Passés les premiers effrois, en femme paradoxalement libérée, elle décide de faire du marin disparu un moyen de lutter contre la monotonie des jours. Elle y parvient, et le domestique jusqu’à devenir sa libre plume. Elle va en effet rédiger, sous sa dictée, mais en y incorporant sa propre fantaisie et son esprit, les mémoires de ce vieux de loup de mer disparu (son possible suicide est évoqué).

Il s’agit ici d’écrire pour redonner vie, pour interdire le total effacement du passé enfui, mouvement inéluctable que, dans sa maison isolée, sous sa seule forme ectoplasmique, le marin ne pouvait même pas freiner.

Mankiewicz semble ainsi faire sien le propos final de « L’homme qui aimait les Femmes » (François Truffaut - 1977) : « Il restera tout de même quelque chose, une trace, un témoignage, un objet rectangulaire, 320 pages brochées, on appelle ça un livre ».

Evidemment, cet exercice d’écriture à quatre mains va amener les protagonistes à un sentiment partagé que même la mort ne pourra détruire, cette dernière étant déjà de la partie.

Avec une infinie délicatesse et beaucoup de drôlerie, ce film, au charme par essence suranné, décrit les tribulations d’une femme bien plus moderne qu’elle ne le laisse d’abord paraître et qui se refuse à la tristesse, même quand cette dernière la frappe cruellement.
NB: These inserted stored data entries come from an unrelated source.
lemma Amat_columns_independent:
  assumes "k \<le> g" "inj_on \<kappa> {1..g+1}" "\<forall>j\<in>{1..g}. \<beta> j \<noteq> 0"
    and J: "J \<subseteq> {1..g+1}" "card J \<le> k"
    and rel: "\<forall>i\<in>{1..k}. (\<Sum>j\<in>J. Amat k \<kappa> \<beta> i j * u j) = 0"
  shows "\<forall>j\<in>J. u j = 0"
proof -
  obtain r c where r: "\<forall>i\<in>{1..k}. r i \<noteq> 0" and c: "\<forall>j\<in>{k<..g+1}. c j \<noteq> 0"
    and A: "\<forall>i\<in>{1..k}. \<forall>j\<in>{k<..g+1}. Amat k \<kappa> \<beta> i j = r i * c j / (\<kappa> j - \<kappa> i)"
    using Amat_cauchy_form[OF assms(1-3)] by blast
  define T where "T = J - {1..k}"
  define S where "S = {1..k} - J"
  have fin: "finite J" using J(1) finite_subset by blast
  have T_sub: "T \<subseteq> {k<..g+1}" using J(1) by (auto simp: T_def)
  have "card T = card J - card (J \<inter> {1..k})"
    unfolding T_def using fin by (simp add: card_Diff_subset_Int)
  moreover have "card S = k - card (J \<inter> {1..k})"
    unfolding S_def by (simp add: card_Diff_subset_Int Int_commute)
  ultimately have "card T \<le> card S" using J(2) by linarith
  have "(\<Sum>t\<in>T. c t * u t / (\<kappa> t - \<kappa> i)) = 0" if "i \<in> S" for i
  proof -
    have "i \<in> {1..k}" "i \<notin> J" using that by (auto simp: S_def)
    have "(\<Sum>j\<in>J. Amat k \<kappa> \<beta> i j * u j) = (\<Sum>j\<in>T. Amat k \<kappa> \<beta> i j * u j)"
      using fin \<open>i \<notin> J\<close> by (intro sum.mono_neutral_right) (auto simp: T_def Amat_identity_block)
    also have "\<dots> = r i * (\<Sum>t\<in>T. c t * u t / (\<kappa> t - \<kappa> i))"
      unfolding sum_distrib_left using A \<open>i \<in> {1..k}\<close> T_sub
      by (intro sum.cong) (auto simp: subset_iff)
    finally show ?thesis using rel r \<open>i \<in> {1..k}\<close> by simp
  qed
  moreover have "inj_on \<kappa> (T \<union> S)"
    using assms(1) J(1) by (intro inj_on_subset[OF assms(2)]) (auto simp: T_def S_def)
  moreover have "finite T" "finite S" "T \<inter> S = {}" using fin by (auto simp: T_def S_def)
  ultimately have "c t * u t = 0" if "t \<in> T" for t
    using cauchy_columns_independent[of T S \<kappa> "\<lambda>t. c t * u t" t] \<open>card T \<le> card S\<close> that by blast
  then have u_T: "u t = 0" if "t \<in> T" for t
    using c T_sub that by auto
  show ?thesis
  proof
    fix i assume "i \<in> J"
    show "u i = 0"
    proof (cases "i \<in> T")
      case False
      then have "i \<in> {1..k}" using \<open>i \<in> J\<close> by (auto simp: T_def)
      have "Amat k \<kappa> \<beta> i j * u j = (if j = i then u j else 0)" if "j \<in> J" for j
      proof (cases "j \<in> T")
        case False
        then have "j \<le> k" using \<open>j \<in> J\<close> J(1) by (auto simp: T_def)
        then show ?thesis by (simp add: Amat_identity_block)
      qed (use u_T \<open>i \<notin> T\<close> in auto)
      then have "(\<Sum>j\<in>J. Amat k \<kappa> \<beta> i j * u j) = (\<Sum>j\<in>J. if j = i then u j else 0)"
        by (rule sum.cong[OF refl])
      then show ?thesis using rel \<open>i \<in> {1..k}\<close> \<open>i \<in> J\<close> fin by simp
    qed (use u_T in blast)
  qed
qed
lemma component_subset_W0_image:
  assumes sub: "U \<subseteq> Lambda_corner r" and open_U: "openin (top_of_set (Lambda_corner r)) U"
    and W_inv: "\<And>\<sigma> x. \<sigma> \<in> WK r \<Longrightarrow> x \<in> U \<Longrightarrow> Wact \<sigma> x \<in> U"
    and x0: "x0 \<in> plus_part r U"
  shows "connected_component_set U x0 \<subseteq> {Wact w x | w x. w \<in> W0 r U \<and> x \<in> plus_part r U}"
proof
  fix y assume y: "y \<in> connected_component_set U x0"
  then obtain w where w: "w \<in> W0 r U" "y \<circ> w \<in> chamber r"
    using component_subset_W0_chambers[OF sub open_U W_inv x0] by blast
  have w_perm: "w permutes {..<r}" using W0_permutes[OF w(1)] .
  have "y \<in> U" using y connected_component_subset by blast
  then have "y \<circ> w \<in> plus_part r U"
    using W_inv[of "inv w" y] w(2) w_perm
    by (simp add: WK_def Wact_inv permutes_inv plus_part_eq)
  moreover have "y = Wact w (y \<circ> w)" by (simp add: Wact_comp_cancel[OF w_perm])
  ultimately show "y \<in> {Wact w x | w x. w \<in> W0 r U \<and> x \<in> plus_part r U}"
    using w(1) by blast
qed

theorem lemma4p9:
  fixes r :: nat and U :: "(nat \<Rightarrow> real) set"
  assumes sub: "U \<subseteq> Lambda_corner r"
    and open_U: "openin (top_of_set (Lambda_corner r)) U"
    and W_inv: "\<And>\<sigma> x. \<sigma> \<in> WK r \<Longrightarrow> x \<in> U \<Longrightarrow> Wact \<sigma> x \<in> U"
    and conn: "connected (plus_part r U)"
    and x0: "x0 \<in> plus_part r U"
  shows "{Wact w x | w x. w \<in> W0 r U \<and> x \<in> plus_part r U} = connected_component_set U x0"
proof
  show "{Wact w x | w x. w \<in> W0 r U \<and> x \<in> plus_part r U} \<subseteq> connected_component_set U x0"
    using W0_image_subset_component[OF W_inv conn x0] by blast
  show "connected_component_set U x0 \<subseteq> {Wact w x | w x. w \<in> W0 r U \<and> x \<in> plus_part r U}"
    by (rule component_subset_W0_image[OF sub open_U W_inv x0])
qed

end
Veuve, puis victime d’un séducteur sans vergogne (impeccable George Sanders), passées les larmes, telle la serva amorosa de Goldoni ("Parlons de choses gaies !"), elle se refuse toujours à la tristesse dans un monde pourtant bien cruel.

Mankiewicz fait corps avec ce refus du malheur donnant à son film une légèreté qui n’est qu’apparente, s’attachant indéfectiblement à celle qui veut croire aux fantômes et à l’amour.

Sans en révéler l’issue, le film s’achève de la manière la plus mélancolique qui soit, nous laissant presque avec la conviction étrange que tant qu’il y a de la mort, il y a de l’espoir.